Los aspirantes a sucederlo podrán tener muchas virtudes, pero ninguno posee esa dimensión excepcional –el adjetivo no tiene intención laudatoria sino descriptiva–; en lo sucesivo la garantía de unidad y permanencia de la 4T residirá en el programa y no en la persona responsable de ejecutarlo. Es chocante, por ello, ver en la disputa por la sucesión todas esas oleadas de propaganda personalista que nos recetan los fans de cada aspirante.

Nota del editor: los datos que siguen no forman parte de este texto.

lemma glue_blocks_at_lattice_point_if_boundary:
  assumes "\<mu> \<noteq> 0"
    and boundary: "\<And>m. m \<in> {1..N} \<Longrightarrow> q m 1 = (if m < N then q (m + 1) 0 else \<mu> *s q 1 0)"
    and s: "s \<in> {0..1}"
  shows "glue_blocks N \<Delta> \<mu> q ((s + of_int k - 1) * \<Delta>) = (\<mu> powi idx_a N k) *s q (idx_b N k) s"
proof (cases "s < 1")
  case True
  then show ?thesis using s step_pos by (simp add: glue_blocks_at_lattice_point)
next
  case False
  then have "s = 1" using s by simp
  define a b where "a = idx_a N k" and "b = idx_b N k"
  have b: "b \<in> {1..N}" and k: "k = a * int N + int b"
    using idx_b_range[OF N_pos] idx_decomp[OF N_pos] by (simp_all add: a_def b_def)
  have "glue_blocks N \<Delta> \<mu> q ((s + of_int k - 1) * \<Delta>) = glue_blocks N \<Delta> \<mu> q ((0 + of_int (k + 1) - 1) * \<Delta>)"
    using \<open>s = 1\<close> by (simp add: algebra_simps)
  also have "\<dots> = (\<mu> powi idx_a N (k + 1)) *s q (idx_b N (k + 1)) 0"
    using step_pos by (rule glue_blocks_at_lattice_point) simp_all
  also have "\<dots> = (\<mu> powi a) *s q b 1"
  proof (cases "b < N")
    case True
    then have "idx_a N (k + 1) = a" "idx_b N (k + 1) = b + 1"
      using idx_eqI[of "b + 1" N "k + 1" a] b k by simp_all
    then show ?thesis using boundary[OF b] True by simp
  next
    case False
    then have "b = N" using b by simp
    then have "idx_a N (k + 1) = a + 1" "idx_b N (k + 1) = 1"
      using idx_eqI[of 1 N "k + 1" "a + 1"] N_pos k by (simp_all add: algebra_simps)
    then show ?thesis
      using boundary[OF b] \<open>b = N\<close> \<open>\<mu> \<noteq> 0\<close> by (simp add: power_int_add_1 vector_smult_assoc)
  qed
  finally show ?thesis using \<open>s = 1\<close> by (simp add: a_def b_def)
qed

lemma rhs_glue_blocks:
  assumes "\<mu> \<noteq> 0"
    and boundary: "\<And>m. m \<in> {1..N} \<Longrightarrow> q m 1 = (if m < N then q (m + 1) 0 else \<mu> *s q 1 0)"
    and s: "s \<in> {0..1}"
  shows "rhs (glue_blocks N \<Delta> \<mu> q) ((s + of_int k - 1) * \<Delta>) =
    (\<mu> powi idx_a N k) *s block_field \<mu> q (idx_b N k) s"
proof -
  define a b where "a = idx_a N k" and "b = idx_b N k"
  have k: "k = a * int N + int b"
    using idx_decomp[OF N_pos] by (simp add: a_def b_def)
  have "rhs (glue_blocks N \<Delta> \<mu> q) ((s + of_int k - 1) * \<Delta>) = (\<Sum>j\<le>h. cmat (A j ((s + of_int k - 1) * \<Delta>)) *v
      ((\<mu> powi idx_a N (k - n j)) *s q (idx_b N (k - n j)) s))"
    using glue_blocks_at_lattice_point_if_boundary[OF \<open>\<mu> \<noteq> 0\<close> boundary s]
    by (intro rhs_at_lattice_point) simp
  also have "\<dots> = (\<mu> powi a) *s block_field \<mu> q b s"
    unfolding block_field_def vector_smult_sum
  proof (rule sum.cong)
    fix j assume "j \<in> {..h}"
    have "(s + of_int k - 1) * \<Delta> = (s + real b - 1) * \<Delta> + of_int a * T"
      by (simp add: k T_eq algebra_simps)
    then have "A j ((s + of_int k - 1) * \<Delta>) = A j ((s + real b - 1) * \<Delta>)"
      using periodic_int \<open>j \<in> {..h}\<close> by simp
    moreover have e: "k - n j = (int b - n j) + a * int N" by (simp add: k)
    have "idx_a N (k - n j) = idx_a N (int b - n j) + a" "idx_b N (k - n j) = idx_b N (int b - n j)"
      unfolding e by (rule idx_shift[OF N_pos])+
    ultimately show "cmat (A j ((s + of_int k - 1) * \<Delta>)) *v ((\<mu> powi idx_a N (k - n j)) *s q (idx_b N (k - n j)) s) =
        (\<mu> powi a) *s (cmat (A j ((s + real b - 1) * \<Delta>)) *v
          ((\<mu> powi idx_a N (int b - n j)) *s q (idx_b N (int b - n j)) s))"
      using \<open>\<mu> \<noteq> 0\<close> by (simp add: power_int_add vector_scalar_commute vector_smult_assoc mult.commute)
  qed simp
  finally show ?thesis by (simp add: a_def b_def)
qed
text \<open>The hypothesis fin_graph is not needed: if no multi-expression generates the graph,
  then neither does any k-expression, and cw and mcw are the same junk value LEAST of the
  empty predicate.\<close>
theorem mainTheorem2:
  fixes V :: "'v set" and E :: "('v \<times> 'v) set"
  assumes "fin_graph V E"
  shows "cw V E \<le> 2 ^ mcw V E"
proof (cases "\<exists>k e. mexpr k e \<and> graph_iso (mverts e) (medges e) V E")
  case True
  define k where "k = mcw V E"
  obtain M where M: "mexpr k M" "graph_iso (mverts M) (medges M) V E"
    using LeastI_ex[OF True] unfolding k_def mcw_def by blast
  obtain enc where enc: "bij_betw enc (Pow {1..k}) {1..(2::nat) ^ k}"
    by (metis finite_same_card_bij finite_Pow_iff finite_atLeastAtMost card_Pow card_atLeastAtMost
        diff_Suc_1)
  then obtain e' where "kexpr (2 ^ k) e'" "simulates enc M e'"
    using simulation_exists[of enc k "2 ^ k" M] M(1) by (auto simp: bij_betw_def)
  then show ?thesis
    using graph_iso_trans[OF graph_iso_sym[OF graph_iso_if_simulates] M(2)]
    unfolding k_def by (blast intro: cw_le)
next
  case False
  then have "\<not> (\<exists>e. kexpr k e \<and> graph_iso (kverts e) (kedges e) V E)" for k
    using mexpr_mexp_of_kexp graph_iso_trans[OF graph_iso_sym[OF graph_iso_mexp_of_kexp]] by blast
  with False have "cw V E = mcw V E"
    unfolding cw_def mcw_def by metis
  then show ?thesis
    by simp
qed

end
lemma ladder_poly:
  "poly (ladder_num H D k) s = ladder_num (poly H s) (poly D s) k \<and>
   poly (ladder_den H D k) s = ladder_den (poly H s) (poly D s) k"
  by (induction k) simp_all

lemma ladder_homogeneous:
  fixes H D :: "'a::field"
  assumes "D \<noteq> 0"
  shows "ladder_num H D k = D ^ k * ladder_num (H / D) 1 k \<and>
         ladder_den H D k = D ^ k * ladder_den (H / D) 1 k"
  by (induction k) (use assms in \<open>simp_all add: algebra_simps\<close>)

lemma ladder_degenerate: "ladder_den H 0 k = H ^ k" "ladder_num H 0 (Suc k) = H ^ Suc k"
proof -
  show "ladder_den H 0 k = H ^ k"
    by (induction k) simp_all
  then show "ladder_num H 0 (Suc k) = H ^ Suc k"
    by simp
qed

lemma ladder_not_both_zero: "ladder_num h 1 k \<noteq> 0 \<or> ladder_den h 1 k \<noteq> 0"
  by (induction k) (auto simp: add_eq_0_iff)

lemma ladder_num_cnj_den:
  "ladder_num h 1 N * cnj (ladder_den h 1 N) =
     h * of_real (\<Sum>j<N. (cmod (ladder_den h 1 j))\<^sup>2) + of_real (\<Sum>j<N. (cmod (ladder_num h 1 (Suc j)))\<^sup>2)"
proof (induction N)
  case (Suc N)
  let ?d = "ladder_num h 1 N" and ?x = "ladder_den h 1 N" and ?d' = "ladder_num h 1 (Suc N)"
  have "d' * cnj (d' + x) = d * cnj x + h * (x * cnj x) + d' * cnj d'" if "d' = d + h * x" for d d' x
    using that by (simp add: algebra_simps)
  then have "?d' * cnj (ladder_den h 1 (Suc N)) = ?d * cnj ?x + h * (?x * cnj ?x) + ?d' * cnj ?d'"
    by simp
  also have "\<dots> = h * of_real (\<Sum>j<Suc N. (cmod (ladder_den h 1 j))\<^sup>2) +
                    of_real (\<Sum>j<Suc N. (cmod (ladder_num h 1 (Suc j)))\<^sup>2)"
    unfolding Suc.IH sum.lessThan_Suc of_real_add complex_norm_square by (simp add: algebra_simps)
  finally show ?case .
qed simp

lemma ladder_cross_energy:
  "2 * Re (h * cnj (\<Sum>j<N. cnj (ladder_den h 1 j) * ladder_num h 1 (Suc j))) =
     (cmod (ladder_num h 1 N))\<^sup>2 + (cmod h)\<^sup>2 * (\<Sum>j<N. (cmod (ladder_den h 1 j))\<^sup>2)"
proof (induction N)
  case (Suc N)
  let ?d = "ladder_num h 1 N" and ?u = "h * ladder_den h 1 N"
  have norm_add: "2 * Re (u * cnj (d + u)) = (cmod (d + u))\<^sup>2 - (cmod d)\<^sup>2 + (cmod u)\<^sup>2" for d u :: complex
    unfolding cmod_power2 by (simp add: power2_eq_square algebra_simps)
  have "2 * Re (?u * cnj (?d + ?u)) =
      (cmod (ladder_num h 1 (Suc N)))\<^sup>2 - (cmod ?d)\<^sup>2 + (cmod h)\<^sup>2 * (cmod (ladder_den h 1 N))\<^sup>2"
    unfolding norm_add by (simp add: norm_mult power_mult_distrib)
  moreover have "2 * Re (h * cnj (\<Sum>j<Suc N. cnj (ladder_den h 1 j) * ladder_num h 1 (Suc j))) =
      2 * Re (h * cnj (\<Sum>j<N. cnj (ladder_den h 1 j) * ladder_num h 1 (Suc j))) + 2 * Re (?u * cnj (?d + ?u))"
    by (simp add: algebra_simps)
  ultimately show ?case
    using Suc.IH by (simp add: algebra_simps)
qed simp

lemma ladder_energy_bound:
  fixes h :: complex and N :: nat
  defines "X \<equiv> \<Sum>j<N. (cmod (ladder_den h 1 j))\<^sup>2"
    and "D \<equiv> \<Sum>j<N. (cmod (ladder_num h 1 (Suc j)))\<^sup>2"
  shows "(cmod (ladder_num h 1 N))\<^sup>2 + (cmod h)\<^sup>2 * X \<le> 2 * cmod h * sqrt (X * D)"
proof -
  let ?S = "\<Sum>j<N. cnj (ladder_den h 1 j) * ladder_num h 1 (Suc j)"
  have "cmod ?S \<le> (\<Sum>j<N. cmod (ladder_den h 1 j) * cmod (ladder_num h 1 (Suc j)))"
    by (rule order_trans[OF norm_sum]) (simp add: norm_mult)
  also have "\<dots> \<le> sqrt (X * D)"
    unfolding X_def D_def by (rule real_le_rsqrt) (rule Cauchy_Schwarz_ineq_sum)
  finally have "cmod h * cmod ?S \<le> cmod h * sqrt (X * D)"
    by (simp add: mult_left_mono)
  moreover have "Re (h * cnj ?S) \<le> cmod h * cmod ?S"
    using complex_Re_le_cmod[of "h * cnj ?S"] by (simp only: norm_mult complex_mod_cnj)
  ultimately have "2 * Re (h * cnj ?S) \<le> 2 * cmod h * sqrt (X * D)"
    by linarith
  then show ?thesis
    unfolding X_def ladder_cross_energy .
qed

lemma norm_le_of_energy_bounds:
  fixes h d x :: complex and a X D :: real
  assumes "a > 0" "h \<noteq> 0" "X > 0" "D > 0"
    and cross: "d * cnj x = h * of_real X + of_real D"
    and energy: "(cmod d)\<^sup>2 + (cmod h)\<^sup>2 * X \<le> 2 * cmod h * sqrt (X * D)"
    and coeff: "\<And>y. 0 \<le> y \<Longrightarrow> y \<le> 2 \<Longrightarrow> y * (2 - y) * cmod h \<le> a * cmod (h + of_real (y\<^sup>2))"
  shows "cmod d \<le> a * cmod x"
proof -
  define y where "y = cmod h * sqrt (X / D)"
  have "y \<ge> 0"
    using assms by (simp add: y_def)
  have y_sq: "y\<^sup>2 * D = (cmod h)\<^sup>2 * X"
    using assms by (simp add: y_def power_mult_distrib)
  have "y * D = cmod h * sqrt (X * D)"
    using assms by (simp add: y_def real_sqrt_divide real_sqrt_mult field_simps)
  then have d_sq: "(cmod d)\<^sup>2 \<le> D * (y * (2 - y))"
    using energy y_sq by (simp add: algebra_simps power2_eq_square)
  then have "0 \<le> D * (y * (2 - y))"
    by (meson order_trans zero_le_power2)
  then have "0 \<le> y * (2 - y)"
    using \<open>D > 0\<close> by (simp add: zero_le_mult_iff)
  then have "y \<le> 2"
    using \<open>y \<ge> 0\<close> by (auto simp: zero_le_mult_iff)
  have "cnj h * h * of_real X = of_real (y\<^sup>2 * D)"
    using y_sq by (metis complex_norm_square mult.commute of_real_mult)
  then have "cnj h * (d * cnj x) = of_real D * cnj (h + of_real (y\<^sup>2))"
    using cross by (simp add: algebra_simps)
  then have prod: "cmod h * (cmod d * cmod x) = D * cmod (h + of_real (y\<^sup>2))"
    using \<open>D > 0\<close> by (metis abs_of_pos complex_mod_cnj norm_mult norm_of_real)
  have "cmod h * (cmod d)\<^sup>2 \<le> D * (y * (2 - y) * cmod h)"
    using mult_left_mono[OF d_sq, of "cmod h"] by (simp add: algebra_simps)
  also have "\<dots> \<le> D * (a * cmod (h + of_real (y\<^sup>2)))"
    using coeff[OF \<open>y \<ge> 0\<close> \<open>y \<le> 2\<close>] \<open>D > 0\<close> by simp
  also have "\<dots> = cmod h * (cmod d * (a * cmod x))"
    using prod by (simp add: algebra_simps)
  finally have "cmod d * cmod d \<le> cmod d * (a * cmod x)"
    using \<open>h \<noteq> 0\<close> by (simp add: power2_eq_square)
  then show ?thesis
    using \<open>a > 0\<close> by (cases "d = 0") auto
qed

lemma ladder_num_le:
  fixes h :: complex
  assumes "a > 0" "h \<noteq> 0"
    and coeff: "\<And>y. 0 \<le> y \<Longrightarrow> y \<le> 2 \<Longrightarrow> y * (2 - y) * cmod h \<le> a * cmod (h + of_real (y\<^sup>2))"
  shows "cmod (ladder_num h 1 N) \<le> a * cmod (ladder_den h 1 N)"
proof (cases N)
  case (Suc M)
  let ?X = "\<Sum>j<N. (cmod (ladder_den h 1 j))\<^sup>2" and ?D = "\<Sum>j<N. (cmod (ladder_num h 1 (Suc j)))\<^sup>2"
  have "(\<Sum>j\<in>{0}. (cmod (ladder_den h 1 j))\<^sup>2) \<le> ?X"
    using Suc by (intro sum_mono2) auto
  then have "?X > 0"
    by simp
  have "0 < (\<Sum>j\<in>{0}. (cmod (ladder_num h 1 (Suc j)))\<^sup>2)"
    using \<open>h \<noteq> 0\<close> by simp
  also have "\<dots> \<le> ?D"
    using Suc by (intro sum_mono2) auto
  finally have "?D > 0" .
  show ?thesis
    by (rule norm_le_of_energy_bounds[OF assms(1,2) \<open>?X > 0\<close> \<open>?D > 0\<close>
          ladder_num_cnj_den ladder_energy_bound coeff])
qed (use assms in simp)

lemma mult_le_of_square_mult_lt:
  fixes a y :: real
  assumes "a > 0" "0 \<le> y" "y \<le> 2" "y\<^sup>2 * (1 + a) < a\<^sup>2"
  shows "(4 + a) * y \<le> 4 * a"
proof (cases "a \<ge> 4")
  case True
  have "(4 + a) * y \<le> (4 + a) * 2"
    by (rule mult_left_mono) (use assms in auto)
  also have "\<dots> \<le> 4 * a"
    using True by simp
  finally show ?thesis .
next
  case False
  have "((4 + a) * y)\<^sup>2 * (1 + a) = (4 + a)\<^sup>2 * (y\<^sup>2 * (1 + a))"
    by (simp add: power_mult_distrib)
  also have "\<dots> \<le> (4 + a)\<^sup>2 * a\<^sup>2"
    by (rule mult_left_mono) (use assms in auto)
  also have "\<dots> \<le> (4 * a)\<^sup>2 * (1 + a)"
  proof -
    have "0 \<le> a ^ 3 * (8 - a)"
      using False assms by simp
    then show ?thesis
      by (simp add: power2_eq_square power3_eq_cube algebra_simps)
  qed
  finally have "((4 + a) * y)\<^sup>2 \<le> (4 * a)\<^sup>2"
    by (rule mult_right_le_imp_le) (use assms in auto)
  then show ?thesis
    by (rule power2_le_imp_le) (use assms in auto)
qed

No, no es Adán Augusto, no es Claudia, ni Gerardo, ni Marcelo, ni Ricardo: es el programa lo que va a sacar adelante el proyecto transformador y lo que va a unificar a las decenas de millones de mexicanas y mexicanos que siguen empeñados en la construcción de un México democrático, justo, equitativo, próspero, soberano y feliz. Más chocantes aun son las expresiones de execración y descrédito que lanzan contra los rivales de su favorito o favorita. Y peores resultan los elogios en boca propia porque denotan arrogancia, ambición desmedida y ausencia de entendimiento de la ética del poder que demanda la regeneración del país. Tales expresiones revelan incluso la falta de la agudeza necesaria para comprender que son contraproducentes y que lejos de suscitar adhesiones generan animadversión.
Pero es normal. A la revolución de las conciencias le tomará tiempo erradicar las miserias del “ marketing político” exacerbado por el neoliberalismo e imbuido hasta en las filas de las dirigencias morenistas. Los transformadores deben transformarse a sí mismos, y eso no ocurrirá en un día ni en un sexenio. Tal vez ayudaría conocer una reflexión de Jean-Pierre Liégeois en su libro Los gitanos y que concuerda con el sentir y las prácticas comunitarias del México profundo: “El papel de responsable es una creación colectiva. El que se hace responsable no debe tratar de llamar la atención y han de ser los demás quienes lo escojan; aquel que a sí mismo se llamara ‘jefe’ o se considerara responsable sin un consenso instaurado en torno suyo, a partir de ese momento ya no sería digno de serlo”.